— TASK —
Whichever lines include the word "that", copy them as they appear in the data.

— PROVIDED INFORMATION —
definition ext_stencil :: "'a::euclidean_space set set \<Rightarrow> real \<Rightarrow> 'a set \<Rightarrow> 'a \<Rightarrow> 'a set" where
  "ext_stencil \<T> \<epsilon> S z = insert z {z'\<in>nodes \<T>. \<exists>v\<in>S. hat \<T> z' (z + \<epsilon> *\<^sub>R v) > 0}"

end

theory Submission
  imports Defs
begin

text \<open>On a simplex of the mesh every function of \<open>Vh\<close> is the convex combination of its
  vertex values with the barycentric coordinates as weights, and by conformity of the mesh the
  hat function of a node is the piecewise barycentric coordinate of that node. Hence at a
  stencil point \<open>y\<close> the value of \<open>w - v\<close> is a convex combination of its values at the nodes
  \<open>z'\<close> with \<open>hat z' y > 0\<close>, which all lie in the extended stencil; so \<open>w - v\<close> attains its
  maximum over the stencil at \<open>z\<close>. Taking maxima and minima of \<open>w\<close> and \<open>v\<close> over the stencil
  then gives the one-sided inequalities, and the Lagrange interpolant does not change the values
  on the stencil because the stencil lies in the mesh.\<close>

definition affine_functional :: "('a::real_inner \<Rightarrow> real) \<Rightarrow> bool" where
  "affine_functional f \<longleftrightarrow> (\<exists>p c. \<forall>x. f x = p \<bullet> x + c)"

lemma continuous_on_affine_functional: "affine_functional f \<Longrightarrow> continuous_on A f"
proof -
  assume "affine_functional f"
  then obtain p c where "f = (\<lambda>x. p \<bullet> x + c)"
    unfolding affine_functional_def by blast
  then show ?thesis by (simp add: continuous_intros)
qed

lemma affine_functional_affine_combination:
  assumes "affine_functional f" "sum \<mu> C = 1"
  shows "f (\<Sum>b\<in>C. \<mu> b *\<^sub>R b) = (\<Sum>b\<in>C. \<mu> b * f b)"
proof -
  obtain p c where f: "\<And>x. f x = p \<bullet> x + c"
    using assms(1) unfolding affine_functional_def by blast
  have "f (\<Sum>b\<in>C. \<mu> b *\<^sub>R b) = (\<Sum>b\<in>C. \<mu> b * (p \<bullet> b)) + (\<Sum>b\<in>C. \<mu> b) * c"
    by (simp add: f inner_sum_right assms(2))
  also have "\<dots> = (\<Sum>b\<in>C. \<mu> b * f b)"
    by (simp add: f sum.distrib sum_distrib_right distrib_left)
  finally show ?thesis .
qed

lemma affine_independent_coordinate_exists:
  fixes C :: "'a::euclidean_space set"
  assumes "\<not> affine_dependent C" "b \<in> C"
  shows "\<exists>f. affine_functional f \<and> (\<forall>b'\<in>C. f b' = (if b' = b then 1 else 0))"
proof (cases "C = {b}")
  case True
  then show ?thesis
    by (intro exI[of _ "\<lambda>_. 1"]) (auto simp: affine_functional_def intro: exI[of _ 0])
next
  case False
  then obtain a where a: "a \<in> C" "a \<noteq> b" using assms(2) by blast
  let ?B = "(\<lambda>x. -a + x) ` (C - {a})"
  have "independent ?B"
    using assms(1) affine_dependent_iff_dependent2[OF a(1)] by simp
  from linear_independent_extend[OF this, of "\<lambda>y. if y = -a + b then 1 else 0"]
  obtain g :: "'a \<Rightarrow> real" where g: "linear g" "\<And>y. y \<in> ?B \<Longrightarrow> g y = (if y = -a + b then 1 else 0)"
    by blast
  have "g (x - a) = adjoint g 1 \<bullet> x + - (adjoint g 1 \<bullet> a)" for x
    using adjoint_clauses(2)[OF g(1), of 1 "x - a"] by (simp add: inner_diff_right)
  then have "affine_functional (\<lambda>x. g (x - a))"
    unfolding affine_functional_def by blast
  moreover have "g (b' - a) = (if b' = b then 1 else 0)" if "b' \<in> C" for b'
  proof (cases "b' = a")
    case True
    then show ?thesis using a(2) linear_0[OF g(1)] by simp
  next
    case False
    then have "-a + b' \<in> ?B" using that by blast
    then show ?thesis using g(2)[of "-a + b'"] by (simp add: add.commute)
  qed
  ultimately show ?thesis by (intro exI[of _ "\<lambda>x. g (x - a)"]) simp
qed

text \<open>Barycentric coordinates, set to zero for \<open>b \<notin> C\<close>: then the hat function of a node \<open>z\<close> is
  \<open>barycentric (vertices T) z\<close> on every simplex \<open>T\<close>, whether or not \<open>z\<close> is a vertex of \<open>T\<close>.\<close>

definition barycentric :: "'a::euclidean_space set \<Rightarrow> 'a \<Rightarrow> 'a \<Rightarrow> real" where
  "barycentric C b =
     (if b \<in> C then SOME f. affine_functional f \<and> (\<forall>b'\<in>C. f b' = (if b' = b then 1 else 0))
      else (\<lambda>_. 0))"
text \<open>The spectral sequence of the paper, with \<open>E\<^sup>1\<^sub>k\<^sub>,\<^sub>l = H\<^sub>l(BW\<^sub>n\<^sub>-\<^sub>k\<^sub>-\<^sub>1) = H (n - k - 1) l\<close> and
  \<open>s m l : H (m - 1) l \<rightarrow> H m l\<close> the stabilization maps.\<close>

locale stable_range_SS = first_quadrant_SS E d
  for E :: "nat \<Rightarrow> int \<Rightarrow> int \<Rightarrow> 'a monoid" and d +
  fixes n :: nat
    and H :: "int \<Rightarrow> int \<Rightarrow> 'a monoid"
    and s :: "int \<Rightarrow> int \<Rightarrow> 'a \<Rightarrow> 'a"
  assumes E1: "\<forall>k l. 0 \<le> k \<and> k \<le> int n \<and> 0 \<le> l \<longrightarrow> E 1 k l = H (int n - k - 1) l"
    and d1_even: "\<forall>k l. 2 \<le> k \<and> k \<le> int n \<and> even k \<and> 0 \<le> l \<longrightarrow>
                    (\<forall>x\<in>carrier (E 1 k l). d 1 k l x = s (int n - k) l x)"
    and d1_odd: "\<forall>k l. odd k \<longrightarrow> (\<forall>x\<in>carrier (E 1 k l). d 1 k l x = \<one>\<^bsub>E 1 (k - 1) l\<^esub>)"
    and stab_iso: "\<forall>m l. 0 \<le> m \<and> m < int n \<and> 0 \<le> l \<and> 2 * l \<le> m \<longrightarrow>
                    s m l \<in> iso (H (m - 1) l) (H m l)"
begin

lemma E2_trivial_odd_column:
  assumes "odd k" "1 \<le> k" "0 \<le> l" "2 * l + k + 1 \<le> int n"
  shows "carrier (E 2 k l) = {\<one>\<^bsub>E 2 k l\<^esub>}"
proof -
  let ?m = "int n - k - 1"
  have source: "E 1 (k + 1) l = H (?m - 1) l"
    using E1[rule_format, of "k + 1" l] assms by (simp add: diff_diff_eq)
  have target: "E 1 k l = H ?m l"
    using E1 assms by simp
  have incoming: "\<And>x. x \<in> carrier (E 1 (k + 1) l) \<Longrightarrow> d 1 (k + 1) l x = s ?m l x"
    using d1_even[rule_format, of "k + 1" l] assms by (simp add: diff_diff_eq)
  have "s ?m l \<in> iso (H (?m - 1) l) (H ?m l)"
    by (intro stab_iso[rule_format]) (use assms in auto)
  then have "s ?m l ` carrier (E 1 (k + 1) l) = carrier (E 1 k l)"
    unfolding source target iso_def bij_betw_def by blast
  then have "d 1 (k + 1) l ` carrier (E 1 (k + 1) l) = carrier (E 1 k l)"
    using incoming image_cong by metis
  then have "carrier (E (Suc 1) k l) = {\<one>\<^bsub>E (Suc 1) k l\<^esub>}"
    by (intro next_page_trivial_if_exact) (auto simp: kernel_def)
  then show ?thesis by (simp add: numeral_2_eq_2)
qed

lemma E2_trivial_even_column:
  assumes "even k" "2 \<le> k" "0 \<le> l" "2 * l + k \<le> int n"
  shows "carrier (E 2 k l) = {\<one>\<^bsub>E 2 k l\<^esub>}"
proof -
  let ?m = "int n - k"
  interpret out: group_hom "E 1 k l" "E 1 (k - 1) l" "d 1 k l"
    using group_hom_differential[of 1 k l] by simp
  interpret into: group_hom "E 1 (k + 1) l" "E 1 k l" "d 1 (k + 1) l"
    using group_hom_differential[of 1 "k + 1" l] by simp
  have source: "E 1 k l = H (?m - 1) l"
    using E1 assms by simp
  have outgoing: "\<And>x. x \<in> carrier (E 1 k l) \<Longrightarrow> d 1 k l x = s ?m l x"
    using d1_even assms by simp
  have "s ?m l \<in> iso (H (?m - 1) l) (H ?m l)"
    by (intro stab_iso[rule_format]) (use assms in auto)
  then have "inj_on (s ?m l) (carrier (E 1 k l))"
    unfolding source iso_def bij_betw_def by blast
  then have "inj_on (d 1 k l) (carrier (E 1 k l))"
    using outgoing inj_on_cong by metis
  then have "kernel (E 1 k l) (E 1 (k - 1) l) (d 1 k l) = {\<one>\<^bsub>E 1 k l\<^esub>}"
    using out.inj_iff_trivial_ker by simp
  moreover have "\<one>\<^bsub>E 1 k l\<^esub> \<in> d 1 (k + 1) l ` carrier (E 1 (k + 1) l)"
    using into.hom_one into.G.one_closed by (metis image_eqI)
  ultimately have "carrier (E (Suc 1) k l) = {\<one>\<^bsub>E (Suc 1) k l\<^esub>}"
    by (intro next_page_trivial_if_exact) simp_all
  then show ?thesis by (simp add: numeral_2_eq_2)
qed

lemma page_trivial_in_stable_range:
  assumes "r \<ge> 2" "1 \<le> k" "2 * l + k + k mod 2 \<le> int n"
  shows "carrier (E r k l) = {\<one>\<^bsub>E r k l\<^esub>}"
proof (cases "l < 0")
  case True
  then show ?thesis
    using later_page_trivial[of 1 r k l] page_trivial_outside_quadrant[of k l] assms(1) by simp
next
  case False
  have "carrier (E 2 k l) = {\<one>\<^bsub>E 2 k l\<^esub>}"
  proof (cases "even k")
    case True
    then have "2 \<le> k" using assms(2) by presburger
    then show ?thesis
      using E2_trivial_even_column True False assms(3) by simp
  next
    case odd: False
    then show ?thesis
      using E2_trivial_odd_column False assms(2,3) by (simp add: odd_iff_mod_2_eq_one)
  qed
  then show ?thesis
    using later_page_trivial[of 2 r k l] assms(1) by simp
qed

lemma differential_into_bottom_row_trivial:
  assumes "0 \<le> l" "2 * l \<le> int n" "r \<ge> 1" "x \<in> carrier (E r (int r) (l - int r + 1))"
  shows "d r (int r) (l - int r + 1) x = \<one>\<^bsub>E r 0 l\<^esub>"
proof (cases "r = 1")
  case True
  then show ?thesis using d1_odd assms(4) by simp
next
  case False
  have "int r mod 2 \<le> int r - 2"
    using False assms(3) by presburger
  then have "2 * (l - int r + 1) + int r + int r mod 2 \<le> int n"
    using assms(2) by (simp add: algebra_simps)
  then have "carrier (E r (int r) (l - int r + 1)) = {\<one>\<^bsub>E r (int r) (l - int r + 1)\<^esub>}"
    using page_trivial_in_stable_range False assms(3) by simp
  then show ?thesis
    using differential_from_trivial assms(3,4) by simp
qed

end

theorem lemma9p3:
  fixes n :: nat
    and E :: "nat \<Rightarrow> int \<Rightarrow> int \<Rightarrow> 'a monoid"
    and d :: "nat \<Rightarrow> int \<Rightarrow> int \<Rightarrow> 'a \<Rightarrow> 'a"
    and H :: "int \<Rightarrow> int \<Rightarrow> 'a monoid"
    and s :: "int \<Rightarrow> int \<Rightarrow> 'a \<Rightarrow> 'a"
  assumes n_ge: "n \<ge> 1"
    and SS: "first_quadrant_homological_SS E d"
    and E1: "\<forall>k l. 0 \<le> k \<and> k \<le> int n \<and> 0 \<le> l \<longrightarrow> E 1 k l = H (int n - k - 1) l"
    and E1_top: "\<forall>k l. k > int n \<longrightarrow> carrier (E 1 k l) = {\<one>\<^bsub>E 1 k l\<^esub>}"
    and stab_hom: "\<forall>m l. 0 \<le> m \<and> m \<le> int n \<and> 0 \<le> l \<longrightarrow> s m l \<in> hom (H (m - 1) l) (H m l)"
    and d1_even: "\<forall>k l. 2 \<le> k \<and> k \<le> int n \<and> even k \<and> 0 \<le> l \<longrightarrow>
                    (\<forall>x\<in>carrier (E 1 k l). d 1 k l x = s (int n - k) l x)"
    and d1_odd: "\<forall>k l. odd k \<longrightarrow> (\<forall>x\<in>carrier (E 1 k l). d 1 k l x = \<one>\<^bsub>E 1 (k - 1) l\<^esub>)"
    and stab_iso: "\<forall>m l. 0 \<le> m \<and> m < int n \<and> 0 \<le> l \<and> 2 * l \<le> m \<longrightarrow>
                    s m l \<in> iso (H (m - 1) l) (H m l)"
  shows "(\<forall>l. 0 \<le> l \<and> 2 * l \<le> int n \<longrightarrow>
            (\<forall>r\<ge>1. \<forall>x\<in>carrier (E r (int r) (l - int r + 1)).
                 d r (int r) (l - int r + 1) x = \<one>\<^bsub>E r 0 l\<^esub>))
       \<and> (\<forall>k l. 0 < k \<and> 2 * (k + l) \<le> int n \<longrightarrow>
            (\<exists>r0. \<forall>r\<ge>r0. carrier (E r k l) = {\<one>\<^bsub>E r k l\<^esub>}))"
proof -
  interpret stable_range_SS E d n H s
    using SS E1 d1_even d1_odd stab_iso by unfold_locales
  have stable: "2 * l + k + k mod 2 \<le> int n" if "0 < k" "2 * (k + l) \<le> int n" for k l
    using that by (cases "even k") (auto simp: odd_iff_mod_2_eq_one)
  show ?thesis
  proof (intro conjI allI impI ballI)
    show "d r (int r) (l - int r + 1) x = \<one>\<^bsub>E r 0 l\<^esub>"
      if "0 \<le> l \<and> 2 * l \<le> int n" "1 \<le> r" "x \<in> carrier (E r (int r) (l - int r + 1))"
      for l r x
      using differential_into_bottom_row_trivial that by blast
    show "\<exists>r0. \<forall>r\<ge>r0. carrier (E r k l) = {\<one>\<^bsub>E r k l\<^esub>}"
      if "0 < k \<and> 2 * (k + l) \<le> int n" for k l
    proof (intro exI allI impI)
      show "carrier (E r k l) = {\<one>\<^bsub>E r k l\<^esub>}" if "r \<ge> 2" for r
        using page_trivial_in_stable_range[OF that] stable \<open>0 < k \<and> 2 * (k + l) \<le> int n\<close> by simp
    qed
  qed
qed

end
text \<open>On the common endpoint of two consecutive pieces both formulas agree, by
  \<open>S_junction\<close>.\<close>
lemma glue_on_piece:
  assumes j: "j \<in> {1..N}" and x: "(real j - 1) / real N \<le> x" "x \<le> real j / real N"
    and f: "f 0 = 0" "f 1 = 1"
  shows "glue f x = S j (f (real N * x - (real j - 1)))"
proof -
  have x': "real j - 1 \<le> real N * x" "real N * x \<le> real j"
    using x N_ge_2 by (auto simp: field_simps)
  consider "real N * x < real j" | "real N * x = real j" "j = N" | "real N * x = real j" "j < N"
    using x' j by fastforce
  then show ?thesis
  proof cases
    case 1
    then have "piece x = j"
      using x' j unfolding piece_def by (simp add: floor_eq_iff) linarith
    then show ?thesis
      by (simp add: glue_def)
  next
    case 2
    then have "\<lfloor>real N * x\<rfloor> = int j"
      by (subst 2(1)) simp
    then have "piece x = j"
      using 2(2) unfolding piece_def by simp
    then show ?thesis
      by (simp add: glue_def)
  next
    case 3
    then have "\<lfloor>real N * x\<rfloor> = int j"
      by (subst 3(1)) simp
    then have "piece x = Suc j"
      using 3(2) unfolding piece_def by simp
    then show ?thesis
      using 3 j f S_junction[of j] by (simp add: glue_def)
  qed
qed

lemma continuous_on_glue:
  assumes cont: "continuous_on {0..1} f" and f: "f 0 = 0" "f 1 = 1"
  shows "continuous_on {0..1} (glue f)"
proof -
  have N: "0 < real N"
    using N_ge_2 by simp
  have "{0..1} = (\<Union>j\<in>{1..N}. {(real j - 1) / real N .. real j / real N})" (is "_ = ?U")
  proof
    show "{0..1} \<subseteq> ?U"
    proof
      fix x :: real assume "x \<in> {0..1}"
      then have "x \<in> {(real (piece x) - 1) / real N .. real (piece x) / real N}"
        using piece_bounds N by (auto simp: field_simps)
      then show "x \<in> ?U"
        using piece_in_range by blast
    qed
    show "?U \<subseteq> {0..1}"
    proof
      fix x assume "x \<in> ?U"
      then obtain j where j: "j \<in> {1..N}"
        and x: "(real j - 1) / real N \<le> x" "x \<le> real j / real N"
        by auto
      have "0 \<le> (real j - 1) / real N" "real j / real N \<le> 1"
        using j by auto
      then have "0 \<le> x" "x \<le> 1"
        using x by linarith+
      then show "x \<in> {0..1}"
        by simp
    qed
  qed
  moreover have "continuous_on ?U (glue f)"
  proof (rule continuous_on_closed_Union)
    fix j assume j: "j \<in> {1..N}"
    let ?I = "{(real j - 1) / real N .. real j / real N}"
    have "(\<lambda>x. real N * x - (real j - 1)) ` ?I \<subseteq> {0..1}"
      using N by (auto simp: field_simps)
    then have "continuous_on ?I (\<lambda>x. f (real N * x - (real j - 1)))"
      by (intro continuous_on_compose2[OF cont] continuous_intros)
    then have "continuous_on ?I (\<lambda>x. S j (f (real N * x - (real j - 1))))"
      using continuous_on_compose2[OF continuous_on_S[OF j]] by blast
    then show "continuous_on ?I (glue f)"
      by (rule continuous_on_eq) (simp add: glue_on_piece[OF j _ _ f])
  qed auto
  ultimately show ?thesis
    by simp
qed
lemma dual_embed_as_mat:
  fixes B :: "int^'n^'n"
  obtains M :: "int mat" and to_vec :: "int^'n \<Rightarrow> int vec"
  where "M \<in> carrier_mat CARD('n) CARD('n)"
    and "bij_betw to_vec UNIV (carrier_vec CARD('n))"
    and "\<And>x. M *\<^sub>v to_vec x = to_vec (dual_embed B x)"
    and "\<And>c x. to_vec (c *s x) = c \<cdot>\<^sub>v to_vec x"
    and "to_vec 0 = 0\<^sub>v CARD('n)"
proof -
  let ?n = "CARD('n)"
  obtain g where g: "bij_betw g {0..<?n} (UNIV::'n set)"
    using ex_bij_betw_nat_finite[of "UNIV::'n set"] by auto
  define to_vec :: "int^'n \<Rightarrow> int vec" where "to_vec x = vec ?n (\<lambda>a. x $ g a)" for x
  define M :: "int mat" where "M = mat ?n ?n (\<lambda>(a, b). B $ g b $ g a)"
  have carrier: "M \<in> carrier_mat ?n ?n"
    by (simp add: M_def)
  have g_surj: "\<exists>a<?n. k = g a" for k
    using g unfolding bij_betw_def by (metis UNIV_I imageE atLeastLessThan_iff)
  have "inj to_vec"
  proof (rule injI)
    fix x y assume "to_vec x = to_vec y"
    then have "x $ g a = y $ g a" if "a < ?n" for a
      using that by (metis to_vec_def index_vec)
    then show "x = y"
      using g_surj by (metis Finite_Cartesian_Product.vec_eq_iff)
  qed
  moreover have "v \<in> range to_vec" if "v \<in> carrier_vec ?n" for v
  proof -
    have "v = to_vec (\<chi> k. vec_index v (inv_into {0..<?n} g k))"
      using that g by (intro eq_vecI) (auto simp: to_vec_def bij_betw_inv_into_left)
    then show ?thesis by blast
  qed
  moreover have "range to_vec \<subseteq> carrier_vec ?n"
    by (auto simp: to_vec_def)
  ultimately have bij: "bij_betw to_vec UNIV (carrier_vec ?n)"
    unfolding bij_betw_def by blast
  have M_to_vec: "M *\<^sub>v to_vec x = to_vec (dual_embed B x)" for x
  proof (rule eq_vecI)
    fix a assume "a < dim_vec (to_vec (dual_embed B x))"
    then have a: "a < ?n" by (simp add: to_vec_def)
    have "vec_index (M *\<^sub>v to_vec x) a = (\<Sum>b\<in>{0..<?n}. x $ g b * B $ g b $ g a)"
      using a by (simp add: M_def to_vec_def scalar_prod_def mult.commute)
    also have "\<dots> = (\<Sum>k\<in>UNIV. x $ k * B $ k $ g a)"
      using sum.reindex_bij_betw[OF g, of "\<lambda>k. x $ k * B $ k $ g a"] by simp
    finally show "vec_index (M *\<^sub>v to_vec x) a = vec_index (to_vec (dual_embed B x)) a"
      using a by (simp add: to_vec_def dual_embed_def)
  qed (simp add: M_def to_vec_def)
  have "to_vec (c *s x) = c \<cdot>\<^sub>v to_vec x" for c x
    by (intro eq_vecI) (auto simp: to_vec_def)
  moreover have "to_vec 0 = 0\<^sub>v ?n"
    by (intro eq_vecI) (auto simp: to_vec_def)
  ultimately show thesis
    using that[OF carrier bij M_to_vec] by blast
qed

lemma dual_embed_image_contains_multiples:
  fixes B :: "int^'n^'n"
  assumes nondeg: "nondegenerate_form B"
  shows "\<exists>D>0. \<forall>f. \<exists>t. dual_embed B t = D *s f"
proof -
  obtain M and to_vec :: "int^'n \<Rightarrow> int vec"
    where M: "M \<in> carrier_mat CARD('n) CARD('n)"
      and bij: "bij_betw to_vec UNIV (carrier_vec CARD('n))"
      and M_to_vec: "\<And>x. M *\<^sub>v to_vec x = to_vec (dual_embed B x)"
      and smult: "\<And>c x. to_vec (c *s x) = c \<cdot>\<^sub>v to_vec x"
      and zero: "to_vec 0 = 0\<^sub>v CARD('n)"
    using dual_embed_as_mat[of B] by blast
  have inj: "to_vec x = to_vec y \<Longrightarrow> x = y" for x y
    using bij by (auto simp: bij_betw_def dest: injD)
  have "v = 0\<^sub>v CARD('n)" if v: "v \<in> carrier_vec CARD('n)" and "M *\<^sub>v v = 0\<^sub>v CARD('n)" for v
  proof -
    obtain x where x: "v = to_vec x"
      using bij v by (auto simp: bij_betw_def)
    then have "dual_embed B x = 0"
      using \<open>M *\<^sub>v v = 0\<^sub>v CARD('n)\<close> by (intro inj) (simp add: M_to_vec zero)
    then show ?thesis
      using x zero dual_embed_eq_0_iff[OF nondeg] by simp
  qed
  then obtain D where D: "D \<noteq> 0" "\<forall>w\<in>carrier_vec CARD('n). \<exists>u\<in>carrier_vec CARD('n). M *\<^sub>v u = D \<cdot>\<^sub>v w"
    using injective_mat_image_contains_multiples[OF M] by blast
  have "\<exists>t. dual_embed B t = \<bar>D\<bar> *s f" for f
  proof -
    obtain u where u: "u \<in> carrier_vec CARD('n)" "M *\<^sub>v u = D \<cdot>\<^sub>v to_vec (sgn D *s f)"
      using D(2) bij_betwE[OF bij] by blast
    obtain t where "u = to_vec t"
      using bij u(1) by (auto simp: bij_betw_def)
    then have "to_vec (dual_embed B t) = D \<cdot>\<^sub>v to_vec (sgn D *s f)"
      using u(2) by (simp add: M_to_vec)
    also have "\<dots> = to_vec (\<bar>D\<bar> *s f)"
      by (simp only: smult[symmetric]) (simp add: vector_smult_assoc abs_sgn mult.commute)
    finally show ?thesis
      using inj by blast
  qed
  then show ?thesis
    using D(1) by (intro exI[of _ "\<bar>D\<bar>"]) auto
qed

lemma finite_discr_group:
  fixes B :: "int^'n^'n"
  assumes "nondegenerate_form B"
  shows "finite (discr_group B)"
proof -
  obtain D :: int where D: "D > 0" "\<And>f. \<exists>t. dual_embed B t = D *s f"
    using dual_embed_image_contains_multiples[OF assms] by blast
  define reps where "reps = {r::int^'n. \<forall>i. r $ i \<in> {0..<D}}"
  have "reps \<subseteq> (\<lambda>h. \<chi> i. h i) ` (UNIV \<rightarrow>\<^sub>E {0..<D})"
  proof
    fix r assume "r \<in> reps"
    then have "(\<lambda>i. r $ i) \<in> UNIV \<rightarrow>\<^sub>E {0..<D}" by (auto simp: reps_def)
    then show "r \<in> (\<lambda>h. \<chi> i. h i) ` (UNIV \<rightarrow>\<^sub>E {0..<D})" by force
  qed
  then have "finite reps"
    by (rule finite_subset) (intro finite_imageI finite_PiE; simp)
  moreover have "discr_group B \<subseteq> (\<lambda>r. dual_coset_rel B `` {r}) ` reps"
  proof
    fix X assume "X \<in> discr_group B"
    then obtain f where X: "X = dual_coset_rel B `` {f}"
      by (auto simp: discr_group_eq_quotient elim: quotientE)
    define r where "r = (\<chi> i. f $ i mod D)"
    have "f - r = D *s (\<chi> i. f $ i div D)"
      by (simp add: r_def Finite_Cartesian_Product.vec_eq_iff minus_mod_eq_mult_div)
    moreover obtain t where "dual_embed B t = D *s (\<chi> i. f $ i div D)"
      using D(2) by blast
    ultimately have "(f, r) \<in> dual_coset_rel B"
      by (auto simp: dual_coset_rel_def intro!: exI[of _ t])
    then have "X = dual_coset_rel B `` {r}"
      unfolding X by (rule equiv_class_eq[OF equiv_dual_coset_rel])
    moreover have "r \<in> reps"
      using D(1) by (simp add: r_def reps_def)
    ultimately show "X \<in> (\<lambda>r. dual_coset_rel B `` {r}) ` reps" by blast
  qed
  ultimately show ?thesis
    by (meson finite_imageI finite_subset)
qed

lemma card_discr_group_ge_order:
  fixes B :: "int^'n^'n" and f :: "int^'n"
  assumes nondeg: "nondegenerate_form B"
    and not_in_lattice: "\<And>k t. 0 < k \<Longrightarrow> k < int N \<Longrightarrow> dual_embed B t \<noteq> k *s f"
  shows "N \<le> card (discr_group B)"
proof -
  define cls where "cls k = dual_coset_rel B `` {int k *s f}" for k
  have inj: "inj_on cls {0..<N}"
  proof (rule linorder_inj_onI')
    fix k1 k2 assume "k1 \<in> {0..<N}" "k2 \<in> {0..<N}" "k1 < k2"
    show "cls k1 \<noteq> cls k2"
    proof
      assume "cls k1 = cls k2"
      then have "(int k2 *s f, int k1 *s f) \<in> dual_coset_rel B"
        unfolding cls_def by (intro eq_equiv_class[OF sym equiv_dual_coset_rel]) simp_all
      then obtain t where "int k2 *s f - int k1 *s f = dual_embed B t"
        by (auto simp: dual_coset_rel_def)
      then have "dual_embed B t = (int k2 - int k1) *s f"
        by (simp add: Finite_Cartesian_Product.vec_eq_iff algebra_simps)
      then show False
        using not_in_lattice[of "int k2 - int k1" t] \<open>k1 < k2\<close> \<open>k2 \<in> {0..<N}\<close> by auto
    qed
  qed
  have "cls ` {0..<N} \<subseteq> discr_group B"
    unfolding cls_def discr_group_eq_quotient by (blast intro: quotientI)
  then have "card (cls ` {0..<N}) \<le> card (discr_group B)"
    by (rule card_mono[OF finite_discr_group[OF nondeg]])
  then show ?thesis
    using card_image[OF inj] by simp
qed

— TASK SOLUTION —
  hat function of a node is the piecewise barycentric coordinate of that node. Hence at a
    then have "-a + b' \<in> ?B" using that by blast
    using that by (cases "even k") (auto simp: odd_iff_mod_2_eq_one)
      using differential_into_bottom_row_trivial that by blast
        using page_trivial_in_stable_range[OF that] stable \<open>0 < k \<and> 2 * (k + l) \<le> int n\<close> by simp
      using that by (metis to_vec_def index_vec)
      using that g by (intro eq_vecI) (auto simp: to_vec_def bij_betw_inv_into_left)
    using that[OF carrier bij M_to_vec] by blast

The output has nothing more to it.